Keep in the original packaging to protect from light.

Medicines should not be disposed of via wastewater or household waste. Ask your pharmacist how to dispose of medicines and packaging that you no longer need. This will help protect the environment.

6. Package contents and other information

Composition of HBVAXPRO 40 micrograms

The active substance is:

Hepatitis B surface antigen, recombinant (HBsAg)*......40 micrograms
Adsorbed on amorphous hydroxyphosphosulfate aluminum (0.50 milligrams Al+)#

• produced in yeast Saccharomyces cerevisiae (strain 2150-2-3) by recombinant DNA technology.

Amorphous hydroxyphosphosulfate aluminum is included in this vaccine as an adsorbent.
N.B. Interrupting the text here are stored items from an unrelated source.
lemma secrecy_matrix_carrier:
  "Hm \<in> carrier_mat k n \<Longrightarrow> He \<in> carrier_mat l n \<Longrightarrow> secrecy_matrix Hm He Nm Ne \<in> carrier_mat n n"
  unfolding secrecy_matrix_def by (metis mat_adjoint_carrier minus_carrier_mat mult_carrier_mat smult_carrier_mat)

lemma secrecy_matrix_hermitian:
  "Hm \<in> carrier_mat k n \<Longrightarrow> He \<in> carrier_mat l n \<Longrightarrow>
   mat_adjoint (secrecy_matrix Hm He Nm Ne) = secrecy_matrix Hm He Nm Ne"
  unfolding secrecy_matrix_def
  by (subst mat_adjoint_minus[of _ n n]) (auto simp: mat_adjoint_smult mat_adjoint_gram mult_carrier_mat[of _ n k])

lemma quad_form_secrecy_matrix:
  assumes Hm: "(Hm::complex mat) \<in> carrier_mat k n" and He: "He \<in> carrier_mat l n" and z: "z \<in> carrier_vec n"
  shows "quad_form (secrecy_matrix Hm He Nm Ne) z = sq_norm_cvec (Hm *\<^sub>v z) - Nm / Ne * sq_norm_cvec (He *\<^sub>v z)"
proof -
  have Gm: "mat_adjoint Hm * Hm \<in> carrier_mat n n" and Ge: "mat_adjoint He * He \<in> carrier_mat n n"
    using mult_carrier_mat[OF mat_adjoint_carrier[OF Hm] Hm] mult_carrier_mat[OF mat_adjoint_carrier[OF He] He] .
  have "(secrecy_matrix Hm He Nm Ne *\<^sub>v z) \<bullet>c z
      = ((mat_adjoint Hm * Hm) *\<^sub>v z) \<bullet>c z - ((complex_of_real (Nm / Ne) \<cdot>\<^sub>m (mat_adjoint He * He)) *\<^sub>v z) \<bullet>c z"
    unfolding secrecy_matrix_def by (rule quad_form_minus) (use Gm Ge z in auto)
  also have "\<dots> = (Hm *\<^sub>v z) \<bullet>c (Hm *\<^sub>v z) - complex_of_real (Nm / Ne) * ((He *\<^sub>v z) \<bullet>c (He *\<^sub>v z))"
    using quad_form_gram[OF Hm z] quad_form_gram[OF He z] quad_form_smult[OF Ge z] by simp
  finally show ?thesis by simp
qed

text \<open>Writing \<open>K = L L\<^sup>*\<close>, the two log-determinants become \<open>log det(1 + A)\<close> and \<open>log det(1 + B)\<close> with
  \<open>A = L\<^sup>* H\<^sub>m\<^sup>* H\<^sub>m L / N\<^sub>m\<close> and \<open>B = L\<^sup>* H\<^sub>e\<^sup>* H\<^sub>e L / N\<^sub>e\<close>, and the hypothesis on \<open>\<Phi>\<close> says
  exactly that \<open>A \<le> B + c L\<^sup>* L / N\<^sub>m\<close>.\<close>

lemma secrecy_rate_le_trace:
  assumes Hm: "Hm \<in> carrier_mat nR nT" and He: "He \<in> carrier_mat nE nT" and Nm: "Nm > 0" and Ne: "Ne > 0"
    and c: "c \<ge> 0"
    and Phi: "\<And>w. w \<in> carrier_vec nT \<Longrightarrow> quad_form (secrecy_matrix Hm He Nm Ne) w \<le> c * sq_norm_cvec w"
    and K: "psd_mat nT K"
  shows "secrecy_rate Hm He Nm Ne K \<le> c * Re (mat_trace K) / Nm"
proof -
  obtain L where L: "L \<in> carrier_mat nT nT" and KL: "K = L * mat_adjoint L" using psd_mat_factor[OF K] by blast
  define I where "I = (1\<^sub>m nT :: complex mat)"
  define A where "A = complex_of_real (1 / Nm) \<cdot>\<^sub>m (mat_adjoint L * (mat_adjoint Hm * Hm) * L)"
  define B where "B = complex_of_real (1 / Ne) \<cdot>\<^sub>m (mat_adjoint L * (mat_adjoint He * He) * L)"
  define E where "E = complex_of_real (c / Nm) \<cdot>\<^sub>m (mat_adjoint L * (mat_adjoint I * I) * L)"
  have I: "I \<in> carrier_mat nT nT" unfolding I_def by simp
  have psdA: "psd_mat nT A" unfolding A_def by (rule psd_mat_scaled_congruence_gram[OF Hm L]) (use Nm in simp)
  have psdB: "psd_mat nT B" unfolding B_def by (rule psd_mat_scaled_congruence_gram[OF He L]) (use Ne in simp)
  have psdE: "psd_mat nT E" unfolding E_def by (rule psd_mat_scaled_congruence_gram[OF I L]) (use Nm c in simp)
  have "quad_form A x \<le> quad_form B x + quad_form E x" if x: "x \<in> carrier_vec nT" for x
  proof -
    let ?z = "L *\<^sub>v x"
    have z: "?z \<in> carrier_vec nT" using L x by simp
    have "sq_norm_cvec (Hm *\<^sub>v ?z) - Nm / Ne * sq_norm_cvec (He *\<^sub>v ?z) \<le> c * sq_norm_cvec ?z"
      using Phi[OF z] unfolding quad_form_secrecy_matrix[OF Hm He z] .
    then have "(sq_norm_cvec (Hm *\<^sub>v ?z) - Nm / Ne * sq_norm_cvec (He *\<^sub>v ?z)) / Nm \<le> c * sq_norm_cvec ?z / Nm"
      using Nm by (intro divide_right_mono) auto
    moreover have "(sq_norm_cvec (Hm *\<^sub>v ?z) - Nm / Ne * sq_norm_cvec (He *\<^sub>v ?z)) / Nm
        = sq_norm_cvec (Hm *\<^sub>v ?z) / Nm - sq_norm_cvec (He *\<^sub>v ?z) / Ne"
      using Nm Ne by (simp add: field_simps)
    moreover have "I *\<^sub>v ?z = ?z" unfolding I_def using z by simp
    ultimately show ?thesis
      unfolding A_def B_def E_def quad_form_scaled_congruence_gram[OF Hm L x]
        quad_form_scaled_congruence_gram[OF He L x] quad_form_scaled_congruence_gram[OF I L x]
      by simp
  qed
  then have "ln (Re (det (1\<^sub>m nT + A))) - ln (Re (det (1\<^sub>m nT + B))) \<le> Re (mat_trace E)"
    by (rule log_det_diff_le_trace[OF psdA psdB psdE])
  moreover have "mat_trace E = complex_of_real (c / Nm) * mat_trace K"
    unfolding E_def I_def KL using L mat_trace_smult[of "mat_adjoint L * L" nT] mat_trace_mult_comm[of L nT nT]
    by simp
  moreover have "secrecy_rate Hm He Nm Ne K = ln (Re (det (1\<^sub>m nT + A))) - ln (Re (det (1\<^sub>m nT + B)))"
    unfolding secrecy_rate_def KL A_def B_def logdet_term_factor[OF Hm L] logdet_term_factor[OF He L] ..
  ultimately show ?thesis by simp
qed

lemma secrecy_rate_le_power:
  assumes Hm: "Hm \<in> carrier_mat nR nT" and He: "He \<in> carrier_mat nE nT" and Nm: "Nm > 0" and Ne: "Ne > 0"
    and c: "c \<ge> 0"
    and Phi: "\<And>w. w \<in> carrier_vec nT \<Longrightarrow> quad_form (secrecy_matrix Hm He Nm Ne) w \<le> c * sq_norm_cvec w"
    and K: "psd_mat nT K" and tr: "Re (mat_trace K) \<le> real nR * Nm * snr"
  shows "secrecy_rate Hm He Nm Ne K \<le> c * real nR * snr"
proof -
  have "c * Re (mat_trace K) / Nm \<le> c * (real nR * Nm * snr) / Nm"
    using tr c Nm by (intro divide_right_mono mult_left_mono) auto
  then show ?thesis using secrecy_rate_le_trace[OF Hm He Nm Ne c Phi K] Nm by simp
qed

lemma secrecy_capacity_le:
  assumes Hm: "Hm \<in> carrier_mat nR nT" and He: "He \<in> carrier_mat nE nT" and Nm: "Nm > 0" and Ne: "Ne > 0"
    and c: "c \<ge> 0"
    and Phi: "\<And>w. w \<in> carrier_vec nT \<Longrightarrow> quad_form (secrecy_matrix Hm He Nm Ne) w \<le> c * sq_norm_cvec w"
    and nR: "nR \<ge> 1" and snr: "snr \<ge> 0"
  shows "secrecy_capacity nT Hm He Nm Ne snr \<le> c * snr"
proof -
  let ?S = "{secrecy_rate Hm He Nm Ne K | K. psd_mat nT K \<and> Re (mat_trace K) \<le> real (dim_row Hm) * Nm * snr}"
  have "secrecy_rate Hm He Nm Ne (0\<^sub>m nT nT) = 0"
    unfolding secrecy_rate_def using logdet_term_zero[OF Hm] logdet_term_zero[OF He] by simp
  moreover have "psd_mat nT (0\<^sub>m nT nT)" unfolding psd_mat_def by (auto simp: scalar_prod_def)
  ultimately have "0 \<in> ?S" using Hm Nm snr by (force simp: mat_trace_def)
  moreover have "x \<le> c * real nR * snr" if "x \<in> ?S" for x
    using that secrecy_rate_le_power[OF Hm He Nm Ne c Phi] Hm by auto
  ultimately have "Sup ?S \<le> c * real nR * snr" by (intro cSup_least) auto
  then show ?thesis unfolding secrecy_capacity_def using Hm nR by (simp add: field_simps)
qed

text \<open>Beamforming all the power \<open>P = n\<^sub>R N\<^sub>m SNR\<close> along a unit vector \<open>u\<close> achieves the rate
  \<open>log(1 + x) - log(1 + y)\<close> with \<open>x - y = n\<^sub>R SNR u\<^sup>* \<Phi> u\<close>, and \<open>log(1 + x) - log(1 + y) \<ge> (x - y) / (1 + x)\<close>.\<close>

lemma secrecy_capacity_ge_rank_one:
  assumes Hm: "Hm \<in> carrier_mat nR nT" and He: "He \<in> carrier_mat nE nT" and Nm: "Nm > 0" and Ne: "Ne > 0"
    and c: "c \<ge> 0"
    and Phi: "\<And>w. w \<in> carrier_vec nT \<Longrightarrow> quad_form (secrecy_matrix Hm He Nm Ne) w \<le> c * sq_norm_cvec w"
    and nR: "nR \<ge> 1" and snr: "snr > 0" and u: "u \<in> carrier_vec nT" "u \<bullet>c u = 1"
  shows "snr * quad_form (secrecy_matrix Hm He Nm Ne) u / (1 + real nR * sq_norm_cvec (Hm *\<^sub>v u) * snr)
    \<le> secrecy_capacity nT Hm He Nm Ne snr"
proof -
  let ?S = "{secrecy_rate Hm He Nm Ne K | K. psd_mat nT K \<and> Re (mat_trace K) \<le> real (dim_row Hm) * Nm * snr}"
  define P where "P = real nR * Nm * snr"
  define x where "x = P / Nm * sq_norm_cvec (Hm *\<^sub>v u)"
  define y where "y = P / Ne * sq_norm_cvec (He *\<^sub>v u)"
  have "P \<ge> 0" unfolding P_def using Nm snr by simp
  then have xy: "x \<ge> 0" "y \<ge> 0" unfolding x_def y_def using Nm Ne sq_norm_cvec_nonneg by auto
  define K where "K = complex_of_real P \<cdot>\<^sub>m rank_one_mat nT u"
  have "secrecy_rate Hm He Nm Ne K = ln (1 + x) - ln (1 + y)"
    unfolding secrecy_rate_def K_def logdet_term_rank_one[OF Hm u(1)] logdet_term_rank_one[OF He u(1)] x_def y_def ..
  moreover have "psd_mat nT K" unfolding K_def by (rule psd_mat_rank_one[OF u(1) \<open>P \<ge> 0\<close>])
  ultimately have in_S: "ln (1 + x) - ln (1 + y) \<in> ?S"
    using mat_trace_rank_one[OF u, of P] Hm unfolding K_def P_def by force
  have "bdd_above ?S"
    using secrecy_rate_le_power[OF Hm He Nm Ne c Phi] Hm unfolding bdd_above_def by force
  have "ln ((1 + y) / (1 + x)) \<le> (1 + y) / (1 + x) - 1" using xy by (intro ln_le_minus_one) auto
  then have "(x - y) / (1 + x) \<le> ln (1 + x) - ln (1 + y)" using xy by (simp add: ln_div field_simps)
  also have "\<dots> \<le> Sup ?S" by (rule cSup_upper[OF in_S \<open>bdd_above ?S\<close>])
  also have "(x - y) / (1 + x) = real nR * (snr * quad_form (secrecy_matrix Hm He Nm Ne) u
      / (1 + real nR * sq_norm_cvec (Hm *\<^sub>v u) * snr))"
    unfolding quad_form_secrecy_matrix[OF Hm He u(1)] x_def y_def P_def using Nm Ne by (simp add: field_simps)
  finally show ?thesis unfolding secrecy_capacity_def using Hm nR by (simp add: field_simps)
qed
Adsorbents are substances included in certain vaccines to accelerate, enhance, and/or prolong the protective effects of the vaccine.

The other components are sodium chloride (NaCl), sodium borate, and water for injections.

Appearance of the medicinal product and contents of the container of HBVAXPRO 40 micrograms

HBVAXPRO 40 micrograms is an injectable suspension in a vial.

Pack size: 1 vial.

Marketing Authorization Holder and Manufacturer

Merck Sharp & Dohme B.V., Waarderweg 39, 2031 BN Haarlem, The Netherlands

Further information on this vaccine is available by contacting the local representative of the Marketing Authorization Holder.

Date of the most recent review of this leaflet:

Detailed information on this medicinal product is available on the European Medicines Agency website: https://www.ema.europa.eu.

This information is intended for healthcare professionals only:

Instructions

The vaccine should be visually inspected for the presence of any foreign particles and/or unusual physical appearance of the contents prior to administration. The vial should be shaken well until a slightly opaque, whitish suspension is obtained.